S&P Global: The Apex Predator After the IHS Markit Merger
A Platform That Covers Everything
S&P Global is the closest thing to a financial data monopoly that exists. After completing its $44 billion acquisition of IHS Markit in February 2022, the company now operates across five segments: S&P Global Ratings (credit ratings for $3.6 trillion in annual issuance), S&P Global Market Intelligence (data and analytics for 50,000+ institutions), S&P Dow Jones Indices (benchmarks tracking $16 trillion+ in assets), S&P Global Commodity Insights (Platts benchmarks used in 80%+ of global commodity contracts), and S&P Global Mobility (automotive data inherited from IHS Markit).
The IHS Markit merger was transformative. Before the deal, S&P Global had world-class credit ratings and index businesses but limited exposure to fixed income analytics, OTC derivatives pricing, and energy data. Markit filled every gap. The combined entity can now offer a single subscription that covers equities, credit, commodities, and derivatives — a bundle that no competitor, not even Bloomberg, can fully replicate. Management has guided to $600 million in annual cost synergies (largely achieved) and $350 million in revenue synergies from cross-selling, with the latter still ramping through 2026.

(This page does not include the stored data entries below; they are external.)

lemma multiplicity_central_binomial_le_1:
  fixes p :: nat
  assumes p: "prime p" and "2 * n < p ^ 2"
  shows "multiplicity p (2 * n choose n) \<le> 1"
proof -
  have "multiplicity p (2 * n choose n) = (\<Sum>i=1..2. 2 * n div p ^ i - 2 * (n div p ^ i))"
    by (rule multiplicity_central_binomial[OF assms])
  also have "\<dots> = 2 * n div p - 2 * (n div p)"
    using assms(2) by (simp add: numeral_2_eq_2)
  also have "\<dots> \<le> 1"
    using double_div_le_twice_div_plus_1[of n p] by linarith
  finally show ?thesis .
qed

lemma multiplicity_central_binomial_eq_0:
  fixes p :: nat
  assumes p: "prime p" and "2 * n < p ^ 2" and "p \<le> n" and "2 * n < 3 * p"
  shows "multiplicity p (2 * n choose n) = 0"
proof -
  have "n div p = 1" "2 * n div p = 2"
    using assms by (auto intro: div_nat_eqI)
  moreover have "multiplicity p (2 * n choose n) = (\<Sum>i=1..2. 2 * n div p ^ i - 2 * (n div p ^ i))"
    by (rule multiplicity_central_binomial[OF p assms(2)])
  ultimately show ?thesis
    using assms(2) by (simp add: numeral_2_eq_2)
qed

lemma prime_dvd_choose:
  fixes p :: nat
  assumes p: "prime p" and "k < p" "n - k < p" "p \<le> n"
  shows "p dvd (n choose k)"
proof -
  have "fact k * fact (n - k) * (n choose k) = (fact n :: nat)"
    using assms by (simp add: binomial_fact_lemma)
  moreover have "p dvd fact n" and "\<not> p dvd fact k * fact (n - k)"
    using assms by (simp_all add: prime_dvd_fact_iff prime_dvd_mult_iff)
  ultimately show ?thesis
    using p by (metis prime_dvd_mult_iff)
qed

lemma prod_subset_prime_factors_dvd:
  fixes N :: nat
  assumes "N \<noteq> 0" "T \<subseteq> prime_factors N"
  shows "\<Prod>T dvd N"
proof -
  have "\<Prod>T dvd \<Prod>(prime_factors N)"
    using assms(2) by (rule prod_dvd_prod_subset[rotated]) simp
  also have "\<Prod>(prime_factors N) = prod_mset (mset_set (prime_factors N))"
    by (simp add: prod_unfold_prod_mset)
  also have "\<dots> dvd prod_mset (prime_factorization N)"
    by (rule prod_mset_subset_imp_dvd) (rule mset_set_set_mset_msubset)
  finally show ?thesis
    using assms(1) by simp
qed
section \<open>The Lie algebra of a polynomial\<close>

definition lie_deriv :: "'a^'n^'n \<Rightarrow> ('n::finite, 'a::comm_semiring_1) mpoly \<Rightarrow> ('n, 'a) mpoly" where
  "lie_deriv B P = (\<Sum>i\<in>UNIV. lin_form B i * pdiff i P)"

lemma mem_lie_alg_iff: "B \<in> lie_alg P \<longleftrightarrow> lie_deriv B P = 0"
  by (simp add: lie_alg_def lie_deriv_def lin_form_def sum_distrib_right)

lemma lie_deriv_0 [simp]: "lie_deriv B 0 = 0"
  by (simp add: lie_deriv_def)

lemma lie_alg_0 [simp]: "lie_alg 0 = UNIV"
  by (simp add: mem_lie_alg_iff set_eq_iff)

lemma lie_deriv_add: "lie_deriv B (p + q) = lie_deriv B p + lie_deriv B q"
  by (simp add: lie_deriv_def pdiff_add distrib_left sum.distrib)

lemma lie_deriv_sum: "lie_deriv B (sum g S) = (\<Sum>x\<in>S. lie_deriv B (g x))"
  by (induction S rule: infinite_finite_induct) (simp_all add: lie_deriv_add)

lemma lie_deriv_mult: "lie_deriv B (p * q) = lie_deriv B p * q + p * lie_deriv B q"
  by (simp add: lie_deriv_def pdiff_mult distrib_left sum.distrib sum_distrib_left sum_distrib_right ac_simps)

lemma lie_deriv_Const [simp]: "lie_deriv B (Const c) = 0"
  by (simp add: lie_deriv_def)

lemma lie_deriv_Const_mult: "lie_deriv B (Const c * p) = Const c * lie_deriv B p"
  by (simp add: lie_deriv_mult)

lemma lie_deriv_Var: "lie_deriv B (Var k) = lin_form B k"
  by (simp add: lie_deriv_def pdiff_Var if_distrib[of "\<lambda>x. _ * x"] cong: if_cong)

lemma lie_deriv_lin_form: "lie_deriv B (lin_form A k) = lin_form (A ** B) k"
  by (simp add: lin_form_def[of A k] lie_deriv_sum lie_deriv_Const_mult lie_deriv_Var
      sum_Const_mult_lin_form)

(* The chain rule for derivations along the linear vector fields x -> B x and x -> C x. *)
lemma lie_deriv_lin_change:
  assumes "C ** A = A ** B"
  shows "lie_deriv B (lin_change A p) = lin_change A (lie_deriv C p)"
proof (induction p rule: mpoly_induct)
  case (Var k)
  show ?case
    by (simp add: lin_change_Var lie_deriv_lin_form lie_deriv_Var lin_change_lin_form assms)
qed (simp_all add: lin_change_Const lin_change_mult lie_deriv_mult lin_change_add lie_deriv_add)

lemma matrix_conj_cancel:
  fixes A B :: "'a::semiring_1^'n::finite^'n"
  assumes "invertible A"
  shows "matrix_inv A ** (A ** B ** matrix_inv A) ** A = B"
    and "A ** (matrix_inv A ** B ** A) ** matrix_inv A = B"
proof -
  have "matrix_inv A ** (A ** B ** matrix_inv A) ** A = (matrix_inv A ** A) ** B ** (matrix_inv A ** A)"
    and "A ** (matrix_inv A ** B ** A) ** matrix_inv A = (A ** matrix_inv A) ** B ** (A ** matrix_inv A)"
    by (simp_all add: matrix_mul_assoc)
  then show "matrix_inv A ** (A ** B ** matrix_inv A) ** A = B"
    and "A ** (matrix_inv A ** B ** A) ** matrix_inv A = B"
    by (simp_all add: matrix_inv_left matrix_inv_right assms)
qed

lemma inj_matrix_conj:
  fixes A :: "'a::semiring_1^'n::finite^'n"
  assumes "invertible A"
  shows "inj (\<lambda>B. matrix_inv A ** B ** A)"
  by (rule inj_on_inverseI[where g = "\<lambda>C. A ** C ** matrix_inv A"]) (rule matrix_conj_cancel(2)[OF assms])
lemma minkowski_set_smult:
  assumes "balanced D" "c \<noteq> 0"
  shows "{t. t > 0 \<and> (1/t) *\<^sub>R (c *s X) \<in> D} = (*) (cmod c) ` {t. t > 0 \<and> (1/t) *\<^sub>R X \<in> D}"
proof -
  define u where "u = c / of_real (cmod c)"
  have u: "cmod u = 1" using assms(2) by (simp add: u_def norm_divide)
  have "(1/t) *\<^sub>R (c *s X) = u *s ((1 / (t / cmod c)) *\<^sub>R X)" for t
    using assms(2) unfolding u_def vec_eq_iff vector_scaleR_component vector_smult_component
    by (simp add: scaleR_conv_of_real)
  then have "(1/t) *\<^sub>R (c *s X) \<in> D \<longleftrightarrow> (1 / (t / cmod c)) *\<^sub>R X \<in> D" for t
    using balanced_unit_smult_iff[OF assms(1) u] by simp
  moreover have pos: "cmod c > 0" using assms(2) by simp
  moreover have "t \<in> (*) (cmod c) ` S \<longleftrightarrow> t / cmod c \<in> S" for t S
    using pos by (auto intro: image_eqI[where x="t / cmod c"])
  ultimately show ?thesis by (auto simp: zero_less_divide_iff)
qed
lemma G_nonneg_inverse:
  fixes K :: "('a::comm_ring_1, 'n::finite) mser"
  assumes "K \<in> G_nonneg"
  shows "\<exists>Y. (\<forall>i<0. Y i = 0) \<and> smul K Y = sone \<and> smul Y K = sone"
proof -
  have K: "\<forall>i<0. K i = 0" and "invertible (K 0)" using assms by (auto simp: G_nonneg_def)
  then obtain a where a: "K 0 ** a = mat 1" "a ** K 0 = mat 1" by (auto simp: invertible_def)
  obtain Y where Y: "\<forall>i<0. Y i = 0" "Y 0 = a" "smul K Y = sone"
    using nonneg_right_inverse[OF K a(1)] by blast
  \<comment> \<open>a right inverse of Y must be K, so Y is also a left inverse of K\<close>
  obtain Z where Z: "\<forall>i<0. Z i = 0" "smul Y Z = sone"
    using nonneg_right_inverse[of Y "K 0"] Y(1,2) a(2) by blast
  have "bdd_low K" "bdd_low Y" "bdd_low Z" using K Y(1) Z(1) by (auto simp: bdd_low_def)
  then have "Z = K" using low.right_inverse_eq_left_inverse[of Y Z K] Y(3) Z(2) by simp
  then show ?thesis using Y Z by blast
qed

lemma G_neg_inverse:
  fixes K :: "('a::comm_ring_1, 'n::finite) mser"
  assumes "K \<in> G_neg"
  shows "\<exists>Y. (\<forall>i>0. Y i = 0) \<and> smul K Y = sone \<and> smul Y K = sone"
proof -
  have "reflect K \<in> G_nonneg"
    using assms by (auto simp: G_neg_def G_nonneg_def reflect_def invertible_def)
  then obtain Y where Y: "\<forall>i<0. Y i = 0" "smul (reflect K) Y = sone" "smul Y (reflect K) = sone"
    using G_nonneg_inverse by blast
  have "smul K (reflect Y) = sone" "smul (reflect Y) K = sone"
    using reflect_smul[of K "reflect Y"] reflect_smul[of "reflect Y" K] Y(2,3)
    by (metis reflect_reflect reflect_sone)+
  moreover have "\<forall>i>0. reflect Y i = 0" using Y(1) by (simp add: reflect_def)
  ultimately show ?thesis by blast
qed

lemma matrix_mul_delta_apply:
  "(A ** delta l q) $ i $ j = (if l j = q then A $ i $ j else (0::'a::semiring_1))"
proof -
  have "(A ** delta l q) $ i $ j = (\<Sum>k\<in>UNIV. A $ i $ k * (if k = j \<and> l k = q then 1 else 0))"
    by (simp add: matrix_matrix_mult_def delta_def)
  also have "\<dots> = (\<Sum>k\<in>UNIV. if k = j then (if l j = q then A $ i $ j else 0) else 0)"
    by (intro sum.cong) auto
  finally show ?thesis by simp
qed

lemma smul_delta_apply: "smul V (delta l) p $ i $ j = V (p - l j) $ i $ j"
proof -
  have "smul V (delta l) p = (\<Sum>q\<in>range (\<lambda>j. p - l j). V q ** delta l (p - q))"
  proof (rule smul_eq_sum)
    fix q assume "delta l (p - q) \<noteq> 0"
    then obtain k where "l k = p - q" by (auto simp: delta_def vec_eq_iff split: if_splits)
    then show "q \<in> range (\<lambda>j. p - l j)" by (intro image_eqI[of _ _ k]) simp_all
  qed simp
  also have "\<dots> $ i $ j = (\<Sum>q\<in>range (\<lambda>j. p - l j). if q = p - l j then V q $ i $ j else 0)"
    by (simp add: sum_component matrix_mul_delta_apply eq_diff_eq ac_simps)
  also have "\<dots> = V (p - l j) $ i $ j"
    by (simp add: sum.delta')
  finally show ?thesis .
qed

lemma smul_delta_cancel:
  assumes "smul V (delta l) = smul W (delta l)"
  shows "V = W"
proof (intro ext vec_eq_iff[THEN iffD2] allI)
  fix q i j
  have "smul V (delta l) (q + l j) $ i $ j = smul W (delta l) (q + l j) $ i $ j" using assms by simp
  then show "V q $ i $ j = W q $ i $ j" by (simp add: smul_delta_apply)
qed

section \<open>Derivations\<close>

definition derivation :: "('a::comm_ring_1 \<Rightarrow> 'a) \<Rightarrow> bool" where
  "derivation f \<longleftrightarrow> (\<forall>x y. f (x + y) = f x + f y) \<and> (\<forall>x y. f (x * y) = x * f y + y * f x)"

lemma derivation_add: "derivation f \<Longrightarrow> f (x + y) = f x + f y"
  by (simp add: derivation_def)

lemma derivation_mult: "derivation f \<Longrightarrow> f (x * y) = x * f y + y * f x"
  by (simp add: derivation_def)

lemma derivation_zero: "derivation f \<Longrightarrow> f 0 = 0"
  using derivation_add[of f 0 0] by simp

lemma derivation_one: "derivation f \<Longrightarrow> f 1 = 0"
  using derivation_mult[of f 1 1] by simp

lemma derivation_sum: "derivation f \<Longrightarrow> f (sum g A) = (\<Sum>a\<in>A. f (g a))"
  by (induct A rule: infinite_finite_induct) (simp_all add: derivation_zero derivation_add)

lemma mapM_derivation_mult:
  assumes "derivation f"
  shows "mapM f (A ** B) = mapM f A ** B + A ** mapM f B"
  using assms
  by (simp add: mapM_def vec_eq_iff matrix_matrix_mult_def derivation_sum derivation_mult
      sum.distrib[symmetric] add.commute mult.commute)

What the market sometimes underappreciates is the compounding effect of the data network. As S&P Global adds more datasets, each existing customer has more reason to consolidate spending on the platform, which generates more revenue to invest in additional datasets, which attracts more customers. This flywheel is nearly impossible to replicate because it requires both the data assets (accumulated over decades) and the distribution network (30,000+ institutional relationships) simultaneously.
S&P Global's Ratings division is essentially a legal duopoly with Moody's. Under SEC regulations, most institutional bonds require ratings from at least one NRSRO, and issuers overwhelmingly choose S&P and/or Moody's because investors demand it. This creates an issuer-pays model where the rated companies — not the investors using the ratings — pay for the service. It is one of the most attractive business models in finance: recurring revenue tied to debt issuance volumes, with 60%+ operating margins and virtually no customer acquisition cost.

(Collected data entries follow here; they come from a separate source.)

lemma psd_on_column_in_range:
  assumes "finite J" "p \<notin> J" "psd_on (insert p J) A"
  shows "\<exists>x. \<forall>i\<in>J. (\<Sum>j\<in>J. A i j * x j) = A i p"
  using assms
proof (induction J arbitrary: A rule: finite_induct)
  case empty
  then show ?case by simp
next
  case (insert q J)
  have fin: "finite (insert p (insert q J))" and pJ: "p \<notin> J" using insert by auto
  show ?case
  proof (cases "A q q = 0")
    case True
    have row: "\<And>j. j \<in> insert p (insert q J) \<Longrightarrow> A q j = 0"
      using psd_on_zero_diag_imp_zero_row[OF fin insert.prems(2) _ _ True] by simp
    have "psd_on (insert p J) A" by (rule psd_on_subset[OF fin _ insert.prems(2)]) auto
    then obtain x where x: "\<forall>i\<in>J. (\<Sum>j\<in>J. A i j * x j) = A i p"
      using insert.IH[OF pJ] by blast
    have "\<And>i. (\<Sum>j\<in>insert q J. A i j * (x(q := 0)) j) = (\<Sum>j\<in>J. A i j * x j)"
      using insert(1,2) by (simp, intro sum.cong) auto
    then show ?thesis using x row by (intro exI[of _ "x(q := 0)"]) auto
  next
    case False
    define S where "S i j = A i j - A i q * A q j / A q q" for i j
    have "psd_on (insert p (insert q J)) S"
      unfolding S_def by (rule psd_on_schur_complement[OF fin insert.prems(2) _ \<open>A q q \<noteq> 0\<close>]) simp
    then have "psd_on (insert p J) S" by (rule psd_on_subset[OF fin, rotated]) auto
    then obtain x where x: "\<forall>i\<in>J. (\<Sum>j\<in>J. S i j * x j) = S i p"
      using insert.IH[OF pJ] by blast
    define y where "y = x(q := (A q p - (\<Sum>j\<in>J. A q j * x j)) / A q q)"
    have y_sum: "\<And>i. (\<Sum>j\<in>insert q J. A i j * y j) = A i q * y q + (\<Sum>j\<in>J. A i j * x j)"
      using insert(1,2) by (simp add: y_def, intro sum.cong) auto
    have "(\<Sum>j\<in>insert q J. A i j * y j) = A i p" if i: "i \<in> insert q J" for i
    proof (cases "i = q")
      case True
      then show ?thesis unfolding y_sum using \<open>A q q \<noteq> 0\<close> by (simp add: y_def field_simps)
    next
      case False
      then have "i \<in> J" using i by simp
      have "(\<Sum>j\<in>J. A i j * x j) = (\<Sum>j\<in>J. S i j * x j) + A i q / A q q * (\<Sum>j\<in>J. A q j * x j)"
        unfolding S_def by (simp add: sum_distrib_left sum.distrib[symmetric] algebra_simps)
      also have "(\<Sum>j\<in>J. S i j * x j) = S i p" using x \<open>i \<in> J\<close> by simp
      finally show ?thesis unfolding y_sum using \<open>A q q \<noteq> 0\<close> by (simp add: S_def y_def field_simps)
    qed
    then show ?thesis by blast
  qed
qed

lemma qform_insert_column_solution:
  assumes "finite J" "p \<notin> J" "psd_on (insert p J) A"
    and x: "\<And>i. i \<in> J \<Longrightarrow> (\<Sum>j\<in>J. A i j * x j) = A i p"
  shows "qform (insert p J) A (x(p := -1)) = A p p - qform J A x"
proof -
  have fin: "finite (insert p J)" using assms(1) by simp
  define Q where "Q = qform J A x"
  have col: "(\<Sum>i\<in>J. cnj (x i) * A i p) = Q"
    unfolding Q_def qform_def by (intro sum.cong refl) (simp add: x[symmetric] sum_distrib_left mult.assoc)
  have "Im Q = 0"
    using psd_on_subset[OF fin _ assms(3)] unfolding Q_def psd_on_def by blast
  moreover have "(\<Sum>j\<in>J. A p j * x j) = cnj (\<Sum>i\<in>J. cnj (x i) * A i p)"
    unfolding cnj_sum complex_cnj_mult complex_cnj_cnj
    by (intro sum.cong refl) (simp add: psd_on_hermitian[OF fin assms(3), of _ p] mult.commute)
  ultimately have row: "(\<Sum>j\<in>J. A p j * x j) = Q"
    using col by (simp add: complex_eq_iff)
  have xp: "\<And>i. i \<in> J \<Longrightarrow> (x(p := -1)) i = x i" using assms(2) by auto
  have "qform J A (x(p := -1)) = Q" unfolding Q_def by (rule qform_cong) (use xp in auto)
  moreover have "(\<Sum>j\<in>J. A p j * (x(p := -1)) j) = Q"
    unfolding row[symmetric] by (rule sum.cong) (use xp in auto)
  moreover have "(\<Sum>i\<in>J. cnj ((x(p := -1)) i) * A i p) = Q"
    unfolding col[symmetric] by (rule sum.cong) (use xp in auto)
  ultimately show ?thesis unfolding qform_insert[OF assms(1,2)] Q_def by simp
qed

MSCI: The Company That Decides What Counts
Index Licensing and the Passive Investing Flywheel
MSCI is arguably the purest toll-road business in financial services. The company does three things: it constructs equity indices that define investable universes for institutional investors, it provides ESG ratings that increasingly determine capital allocation, and it sells analytics tools for portfolio construction and risk management. Each of these businesses has a structural moat that deepens over time.
The index business is the crown jewel. Approximately $6 trillion in assets directly track MSCI indices, and an estimated $16 trillion is benchmarked to them. Every dollar that flows into an MSCI-linked ETF or index fund generates a licensing fee for MSCI — typically 2–3 basis points annually on the fund's AUM. As passive investing's share of global equity assets continues to grow (it now exceeds 50% in the U.S. and is rising quickly in Europe and Asia), MSCI's fee base grows automatically. The company does not need to sell anything. It just needs passive investing to keep growing, which it has done consistently for two decades.

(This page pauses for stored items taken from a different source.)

lemma annihilates_RR_if_orth:
  assumes "P \<in> PP" and "P ** (\<Sum>RR) = 0" and "R \<in> RR"
  shows "P ** R = 0" and "rhd P Q ** R = 0" and "vdash P QQ ** R = 0" and "eff P R = 0"
proof -
  show "P ** R = 0" using mult_orth_decomp_eq_0[OF RR_decomp assms(2,3)] .
  then show "rhd P Q ** R = 0" "vdash P QQ ** R = 0"
    by (simp_all add: rhd_mult_eq_0 vdash_mult_eq_0)
  show "eff P R = 0"
    using \<open>P ** R = 0\<close> RR_nonzero assms(3) by (metis eff_eq_0_if_mult_eq_0)
qed

lemma rhd_set_singleton_annihilates_RR:
  assumes "P \<in> PP" and "P ** (\<Sum>RR) = 0"
  shows "\<forall>X\<in>rhd_set {P} QQ. \<forall>R\<in>RR. X ** R = 0"
  using assms annihilates_RR_if_orth(1) rhd_set_singleton_annihilates[of RR P QQ] by blast

lemma struct_bal_rhd_set: "struct_bal RR (rhd_set PP QQ)"
  unfolding rhd_set_eq_UN[of PP]
proof (intro struct_bal_UN ballI)
  fix P assume "P \<in> PP"
  show "struct_bal RR (rhd_set {P} QQ)"
  proof (cases "P ** (\<Sum>RR) = 0")
    case True
    then show ?thesis
      using rhd_set_singleton_annihilates_RR \<open>P \<in> PP\<close> by (simp add: struct_bal_annihilators)
  next
    case False
    then show ?thesis
      using rhd_set_singleton_eq_self_if_not_orth(1) \<open>P \<in> PP\<close> RR_bal
        struct_bal_subset[of RR PP "{P}"] by simp
  qed
qed

lemma eff_eq_if_self_or_annihilates:
  assumes "P \<in> PP" and "R \<in> RR" and "X = P \<or> P ** (\<Sum>RR) = 0 \<and> X ** R = 0"
  shows "eff X R = eff P R"
  using assms annihilates_RR_if_orth(4) RR_nonzero eff_eq_0_if_mult_eq_0 by metis

lemma eff_rhd_eq:
  "\<lbrakk>P \<in> PP; Q \<in> QQ; R \<in> RR; eff P Q \<noteq> 0\<rbrakk> \<Longrightarrow> eff (rhd P Q) R = eff P R"
  using eff_eq_if_self_or_annihilates rhd_eq_self annihilates_RR_if_orth(2) by metis

lemma eff_vdash_eq:
  "\<lbrakk>P \<in> PP; R \<in> RR; vdash P QQ \<noteq> 0\<rbrakk> \<Longrightarrow> eff (vdash P QQ) R = eff P R"
  using eff_eq_if_self_or_annihilates rhd_set_singleton_eq_self_if_not_orth(2)
    annihilates_RR_if_orth(3) by metis

lemma rhd_set_rhd_set_eq_UN:
  "rhd_set (rhd_set PP QQ) RR
    = (\<Union>P\<in>PP. if P ** (\<Sum>RR) = 0 then rhd_set {P} QQ else rhd_set {P} RR)"
  unfolding rhd_set_eq_UN[of PP] rhd_set_UN
proof (rule SUP_cong)
  fix P assume "P \<in> PP"
  show "rhd_set (rhd_set {P} QQ) RR
      = (if P ** (\<Sum>RR) = 0 then rhd_set {P} QQ else rhd_set {P} RR)"
  proof (cases "P ** (\<Sum>RR) = 0")
    case True
    have "0 \<notin> rhd_set {P} QQ" by (simp add: rhd_set_singleton)
    then show ?thesis
      using True rhd_set_annihilators[OF rhd_set_singleton_annihilates_RR[OF \<open>P \<in> PP\<close> True]
          RR_nonzero] by simp
  next
    case False
    then show ?thesis using rhd_set_singleton_eq_self_if_not_orth(1)[OF \<open>P \<in> PP\<close> False] by simp
  qed
qed simp

lemma rhd_set_rhd_set_eq:
  "rhd_set (rhd_set PP QQ) RR =
    ({rhd P R | P R. P \<in> PP \<and> R \<in> RR \<and> eff P R \<noteq> 0}
     \<union> {vdash P RR | P. P \<in> PP \<and> P ** (\<Sum>RR) \<noteq> 0}
     \<union> {rhd P Q | P Q. P \<in> PP \<and> Q \<in> QQ \<and> eff P Q \<noteq> 0 \<and> P ** (\<Sum>RR) = 0}
     \<union> {vdash P QQ | P. P \<in> PP \<and> P ** (\<Sum>RR) = 0}) - {0}" (is "_ = ?rhs")
proof -
  let ?PM = "{P\<in>PP. P ** (\<Sum>RR) \<noteq> 0}" and ?PO = "{P\<in>PP. P ** (\<Sum>RR) = 0}"
  have "rhd_set (rhd_set PP QQ) RR = (\<Union>P\<in>?PM. rhd_set {P} RR) \<union> (\<Union>P\<in>?PO. rhd_set {P} QQ)"
    unfolding rhd_set_rhd_set_eq_UN by auto
  also have "\<dots> = rhd_set ?PM RR \<union> rhd_set ?PO QQ"
    unfolding rhd_set_eq_UN[of ?PM] rhd_set_eq_UN[of ?PO] ..
  also have "\<dots> = ?rhs"
    unfolding rhd_set_def using annihilates_RR_if_orth(4) by auto
  finally show ?thesis .
qed

end

theorem theorem2:
  fixes VU VG :: "(real^'n::finite) set"
    and PP QQ RR :: "'n mat set"
  assumes "subspace VU" and "subspace VG"
    and "orth_decomp UNIV PP" and "orth_decomp VU QQ" and "orth_decomp VG RR"
    and "struct_bal QQ PP" and "struct_bal RR PP"
    and "\<forall>P\<in>PP. \<forall>Q\<in>QQ. P ** Q \<noteq> 0 \<and> P ** (\<Sum>RR) \<noteq> 0 \<longrightarrow> rhd P Q = P"
  shows "struct_bal RR (rhd_set PP QQ)
    \<and> (\<forall>P\<in>PP. \<forall>Q\<in>QQ. \<forall>R\<in>RR. eff P Q \<noteq> 0 \<longrightarrow> eff (rhd P Q) R = eff P R)
    \<and> (\<forall>P\<in>PP. \<forall>R\<in>RR. vdash P QQ \<noteq> 0 \<longrightarrow> eff (vdash P QQ) R = eff P R)
    \<and> rhd_set (rhd_set PP QQ) RR =
        ({rhd P R | P R. P \<in> PP \<and> R \<in> RR \<and> eff P R \<noteq> 0}
         \<union> {vdash P RR | P. P \<in> PP \<and> P ** (\<Sum>RR) \<noteq> 0}
         \<union> {rhd P Q | P Q. P \<in> PP \<and> Q \<in> QQ \<and> eff P Q \<noteq> 0 \<and> P ** (\<Sum>RR) = 0}
         \<union> {vdash P QQ | P. P \<in> PP \<and> P ** (\<Sum>RR) = 0}) - {0}"
proof -
  interpret balanced_decompositions UNIV VU VG PP QQ RR
    using assms(3-8) by unfold_locales blast+
  show ?thesis
    by (intro conjI ballI impI struct_bal_rhd_set eff_rhd_eq eff_vdash_eq rhd_set_rhd_set_eq)
qed

end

The network effect here is subtle but powerful. When MSCI adds or removes a stock from an index, billions of dollars in passive flows automatically adjust. This makes MSCI index inclusion a material event for companies — more material, in some cases, than quarterly earnings. Active managers must track MSCI indices even if they do not replicate them, because index rebalancing moves prices. This relevance reinforces demand for MSCI data, which reinforces MSCI's position as the standard, which makes its indices even more relevant. A new entrant cannot break this cycle because it cannot replicate the trillions of dollars already committed to MSCI benchmarks.
ESG Ratings: Controversial but Embedded
MSCI's ESG ratings business has attracted significant controversy — accusations of inconsistency, lack of transparency, and political bias. Yet the business continues to grow because regulatory mandates, particularly in the EU under SFDR (Sustainable Finance Disclosure Regulation), increasingly require institutional investors to report on ESG characteristics of their portfolios. MSCI is one of three dominant ESG ratings providers alongside Sustainalytics (owned by Morningstar) and ISS. Regardless of whether ESG ratings are conceptually sound, they have become a compliance requirement, and compliance requirements generate recurring subscription revenue.
Verisk: The Quiet Monopoly in Insurance Analytics
Verisk is the least talked about member of this oligopoly, which is precisely what makes it interesting. The company provides data analytics to the property and casualty (P&C) insurance industry, a sector where data quality directly determines profitability. Verisk's core business rests on a simple but enormously valuable asset: the ISO (Insurance Services Office) database, which contains loss cost data contributed by the vast majority of U.S. P&C insurers over the past several decades.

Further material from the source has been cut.